Check each line of the material below, and copy it if it holds the string "lambda".

------------------------------------------------------------------------

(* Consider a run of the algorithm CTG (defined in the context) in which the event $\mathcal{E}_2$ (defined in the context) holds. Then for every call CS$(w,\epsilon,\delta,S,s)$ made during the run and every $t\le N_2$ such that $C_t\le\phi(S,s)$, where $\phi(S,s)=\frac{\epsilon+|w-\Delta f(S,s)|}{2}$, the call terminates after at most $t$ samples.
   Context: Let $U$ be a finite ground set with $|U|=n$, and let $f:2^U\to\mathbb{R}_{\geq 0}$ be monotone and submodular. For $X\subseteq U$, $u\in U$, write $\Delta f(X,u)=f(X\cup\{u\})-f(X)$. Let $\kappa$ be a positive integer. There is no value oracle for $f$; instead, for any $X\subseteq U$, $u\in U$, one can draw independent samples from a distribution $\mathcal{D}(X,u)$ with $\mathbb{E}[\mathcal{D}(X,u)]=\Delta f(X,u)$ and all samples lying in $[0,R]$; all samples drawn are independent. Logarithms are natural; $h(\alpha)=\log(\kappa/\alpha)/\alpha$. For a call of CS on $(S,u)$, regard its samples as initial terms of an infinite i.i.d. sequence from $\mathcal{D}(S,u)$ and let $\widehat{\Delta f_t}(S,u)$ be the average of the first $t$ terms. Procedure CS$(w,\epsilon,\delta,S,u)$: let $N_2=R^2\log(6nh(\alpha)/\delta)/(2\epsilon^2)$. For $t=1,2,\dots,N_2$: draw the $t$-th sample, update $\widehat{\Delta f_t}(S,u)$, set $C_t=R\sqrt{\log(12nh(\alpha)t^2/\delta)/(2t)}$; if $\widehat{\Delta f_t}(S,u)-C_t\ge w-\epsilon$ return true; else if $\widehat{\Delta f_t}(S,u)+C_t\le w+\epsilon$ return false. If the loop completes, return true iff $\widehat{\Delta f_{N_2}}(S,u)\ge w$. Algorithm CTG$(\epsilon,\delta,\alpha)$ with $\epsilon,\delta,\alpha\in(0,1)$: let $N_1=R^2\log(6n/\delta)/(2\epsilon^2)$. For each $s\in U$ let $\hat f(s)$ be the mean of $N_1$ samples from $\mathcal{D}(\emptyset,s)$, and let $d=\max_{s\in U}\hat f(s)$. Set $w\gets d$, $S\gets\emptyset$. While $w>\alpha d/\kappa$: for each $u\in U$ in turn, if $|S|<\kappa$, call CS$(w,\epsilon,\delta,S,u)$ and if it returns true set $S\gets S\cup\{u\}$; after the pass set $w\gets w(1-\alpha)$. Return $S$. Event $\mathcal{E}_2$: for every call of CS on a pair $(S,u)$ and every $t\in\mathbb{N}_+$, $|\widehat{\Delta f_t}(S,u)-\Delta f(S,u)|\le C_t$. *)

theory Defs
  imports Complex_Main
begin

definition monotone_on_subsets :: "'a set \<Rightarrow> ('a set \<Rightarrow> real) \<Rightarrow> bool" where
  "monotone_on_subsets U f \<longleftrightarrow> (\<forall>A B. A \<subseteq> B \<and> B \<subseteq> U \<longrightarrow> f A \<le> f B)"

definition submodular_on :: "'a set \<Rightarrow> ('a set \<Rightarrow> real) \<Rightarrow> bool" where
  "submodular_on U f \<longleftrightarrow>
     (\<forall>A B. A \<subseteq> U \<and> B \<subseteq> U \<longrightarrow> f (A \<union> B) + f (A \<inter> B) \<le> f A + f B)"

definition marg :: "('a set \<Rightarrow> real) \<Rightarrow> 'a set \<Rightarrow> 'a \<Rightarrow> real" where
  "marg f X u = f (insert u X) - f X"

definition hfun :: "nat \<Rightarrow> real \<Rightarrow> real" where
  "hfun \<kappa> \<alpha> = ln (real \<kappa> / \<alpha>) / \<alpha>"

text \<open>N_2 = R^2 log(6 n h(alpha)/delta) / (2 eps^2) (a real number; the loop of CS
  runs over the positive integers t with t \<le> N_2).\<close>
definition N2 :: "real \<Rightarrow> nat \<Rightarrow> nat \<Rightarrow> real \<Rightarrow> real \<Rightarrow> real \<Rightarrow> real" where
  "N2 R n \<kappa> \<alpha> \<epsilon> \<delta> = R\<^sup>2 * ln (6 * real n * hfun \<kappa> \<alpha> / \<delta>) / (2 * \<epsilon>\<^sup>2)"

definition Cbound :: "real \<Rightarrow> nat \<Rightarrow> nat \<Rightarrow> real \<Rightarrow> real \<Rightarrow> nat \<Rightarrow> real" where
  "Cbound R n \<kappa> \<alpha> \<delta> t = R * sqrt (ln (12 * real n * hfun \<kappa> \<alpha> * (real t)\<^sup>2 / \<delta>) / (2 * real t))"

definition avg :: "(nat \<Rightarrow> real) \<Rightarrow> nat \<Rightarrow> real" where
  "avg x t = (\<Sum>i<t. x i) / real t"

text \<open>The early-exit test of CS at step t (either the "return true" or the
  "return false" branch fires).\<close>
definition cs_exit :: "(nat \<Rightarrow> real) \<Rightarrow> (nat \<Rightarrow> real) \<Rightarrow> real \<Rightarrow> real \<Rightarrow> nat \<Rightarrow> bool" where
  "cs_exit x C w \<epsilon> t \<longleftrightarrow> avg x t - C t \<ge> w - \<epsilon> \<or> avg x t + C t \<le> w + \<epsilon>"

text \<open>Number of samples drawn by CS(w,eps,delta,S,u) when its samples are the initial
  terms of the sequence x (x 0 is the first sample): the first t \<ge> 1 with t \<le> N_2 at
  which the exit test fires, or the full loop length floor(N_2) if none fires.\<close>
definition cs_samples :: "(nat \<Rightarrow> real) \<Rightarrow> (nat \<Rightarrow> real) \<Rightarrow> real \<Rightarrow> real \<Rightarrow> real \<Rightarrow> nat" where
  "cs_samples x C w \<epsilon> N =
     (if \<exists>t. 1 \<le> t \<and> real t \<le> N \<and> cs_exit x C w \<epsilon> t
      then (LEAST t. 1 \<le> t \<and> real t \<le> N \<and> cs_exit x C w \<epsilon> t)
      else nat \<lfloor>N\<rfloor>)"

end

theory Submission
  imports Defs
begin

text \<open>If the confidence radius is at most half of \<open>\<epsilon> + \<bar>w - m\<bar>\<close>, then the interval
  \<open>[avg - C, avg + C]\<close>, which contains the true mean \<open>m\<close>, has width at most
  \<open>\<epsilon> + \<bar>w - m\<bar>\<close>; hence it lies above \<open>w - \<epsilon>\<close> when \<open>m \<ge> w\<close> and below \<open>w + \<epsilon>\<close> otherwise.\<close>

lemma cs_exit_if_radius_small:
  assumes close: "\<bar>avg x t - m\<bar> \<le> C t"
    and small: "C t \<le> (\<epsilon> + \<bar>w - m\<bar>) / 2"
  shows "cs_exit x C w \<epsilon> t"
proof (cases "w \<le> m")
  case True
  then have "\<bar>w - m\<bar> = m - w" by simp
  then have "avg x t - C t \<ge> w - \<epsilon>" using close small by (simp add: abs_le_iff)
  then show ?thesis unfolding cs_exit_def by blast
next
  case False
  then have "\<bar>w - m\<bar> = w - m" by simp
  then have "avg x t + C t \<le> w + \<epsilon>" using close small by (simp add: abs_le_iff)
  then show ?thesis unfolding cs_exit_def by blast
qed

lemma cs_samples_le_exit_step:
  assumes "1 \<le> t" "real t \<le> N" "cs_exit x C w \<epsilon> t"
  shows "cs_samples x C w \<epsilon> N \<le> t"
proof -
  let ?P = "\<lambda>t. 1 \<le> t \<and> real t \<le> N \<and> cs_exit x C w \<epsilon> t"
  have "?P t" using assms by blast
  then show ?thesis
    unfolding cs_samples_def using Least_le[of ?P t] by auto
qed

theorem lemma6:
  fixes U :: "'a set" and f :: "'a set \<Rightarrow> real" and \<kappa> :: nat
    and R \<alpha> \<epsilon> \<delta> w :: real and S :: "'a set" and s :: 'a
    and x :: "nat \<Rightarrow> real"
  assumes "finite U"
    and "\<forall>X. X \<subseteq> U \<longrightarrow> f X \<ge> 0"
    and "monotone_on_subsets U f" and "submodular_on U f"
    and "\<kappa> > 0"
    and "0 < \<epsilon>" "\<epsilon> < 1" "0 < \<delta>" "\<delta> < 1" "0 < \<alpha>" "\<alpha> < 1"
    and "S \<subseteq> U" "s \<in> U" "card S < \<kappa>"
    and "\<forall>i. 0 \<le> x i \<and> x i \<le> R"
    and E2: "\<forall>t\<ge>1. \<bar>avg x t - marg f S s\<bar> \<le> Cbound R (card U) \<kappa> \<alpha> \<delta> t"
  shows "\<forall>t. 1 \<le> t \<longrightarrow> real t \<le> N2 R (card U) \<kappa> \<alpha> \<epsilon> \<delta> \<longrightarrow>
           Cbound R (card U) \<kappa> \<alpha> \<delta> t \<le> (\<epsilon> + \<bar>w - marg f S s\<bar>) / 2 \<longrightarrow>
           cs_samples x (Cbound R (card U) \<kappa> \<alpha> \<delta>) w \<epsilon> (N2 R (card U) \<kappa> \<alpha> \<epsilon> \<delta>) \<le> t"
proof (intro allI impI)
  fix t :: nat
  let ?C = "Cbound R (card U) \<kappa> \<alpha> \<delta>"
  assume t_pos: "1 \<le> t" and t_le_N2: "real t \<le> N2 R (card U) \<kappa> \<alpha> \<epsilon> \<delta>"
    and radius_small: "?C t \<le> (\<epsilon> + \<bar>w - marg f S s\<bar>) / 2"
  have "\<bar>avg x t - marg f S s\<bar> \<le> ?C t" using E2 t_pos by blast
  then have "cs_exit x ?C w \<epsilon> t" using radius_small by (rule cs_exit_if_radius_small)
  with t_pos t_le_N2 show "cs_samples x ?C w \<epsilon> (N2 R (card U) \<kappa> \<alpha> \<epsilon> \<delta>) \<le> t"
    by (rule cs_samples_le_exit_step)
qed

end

------------------------------------------------------------------------

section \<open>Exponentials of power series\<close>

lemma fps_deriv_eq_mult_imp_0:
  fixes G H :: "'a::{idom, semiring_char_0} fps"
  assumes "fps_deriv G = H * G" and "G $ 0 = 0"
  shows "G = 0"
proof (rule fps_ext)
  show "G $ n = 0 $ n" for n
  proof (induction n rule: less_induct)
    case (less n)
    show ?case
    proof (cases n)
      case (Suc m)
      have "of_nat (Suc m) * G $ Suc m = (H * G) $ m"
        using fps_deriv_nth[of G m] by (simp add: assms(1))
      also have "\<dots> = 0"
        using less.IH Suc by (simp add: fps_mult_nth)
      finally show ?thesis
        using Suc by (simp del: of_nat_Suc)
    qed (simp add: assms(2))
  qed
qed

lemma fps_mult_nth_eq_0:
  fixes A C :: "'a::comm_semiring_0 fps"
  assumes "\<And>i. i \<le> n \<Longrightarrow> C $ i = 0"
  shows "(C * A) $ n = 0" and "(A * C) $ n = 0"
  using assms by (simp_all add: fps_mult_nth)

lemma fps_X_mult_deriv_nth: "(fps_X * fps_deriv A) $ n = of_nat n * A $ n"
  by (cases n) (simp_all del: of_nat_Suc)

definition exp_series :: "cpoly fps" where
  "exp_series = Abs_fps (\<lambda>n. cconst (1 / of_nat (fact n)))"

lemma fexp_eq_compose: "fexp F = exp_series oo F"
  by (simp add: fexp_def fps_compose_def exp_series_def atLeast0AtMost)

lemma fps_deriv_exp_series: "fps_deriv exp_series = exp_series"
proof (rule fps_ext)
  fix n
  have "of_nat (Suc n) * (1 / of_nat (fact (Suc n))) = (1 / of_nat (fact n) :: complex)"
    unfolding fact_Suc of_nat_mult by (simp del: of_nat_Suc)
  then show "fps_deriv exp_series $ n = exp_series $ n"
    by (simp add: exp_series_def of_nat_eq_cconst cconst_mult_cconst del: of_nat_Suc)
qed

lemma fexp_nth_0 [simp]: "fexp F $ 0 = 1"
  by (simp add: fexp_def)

------------------------------------------------------------------------

> **ANSWER BOX**
  let ?P = "\<lambda>t. 1 \<le> t \<and> real t \<le> N \<and> cs_exit x C w \<epsilon> t"
  "exp_series = Abs_fps (\<lambda>n. cconst (1 / of_nat (fact n)))"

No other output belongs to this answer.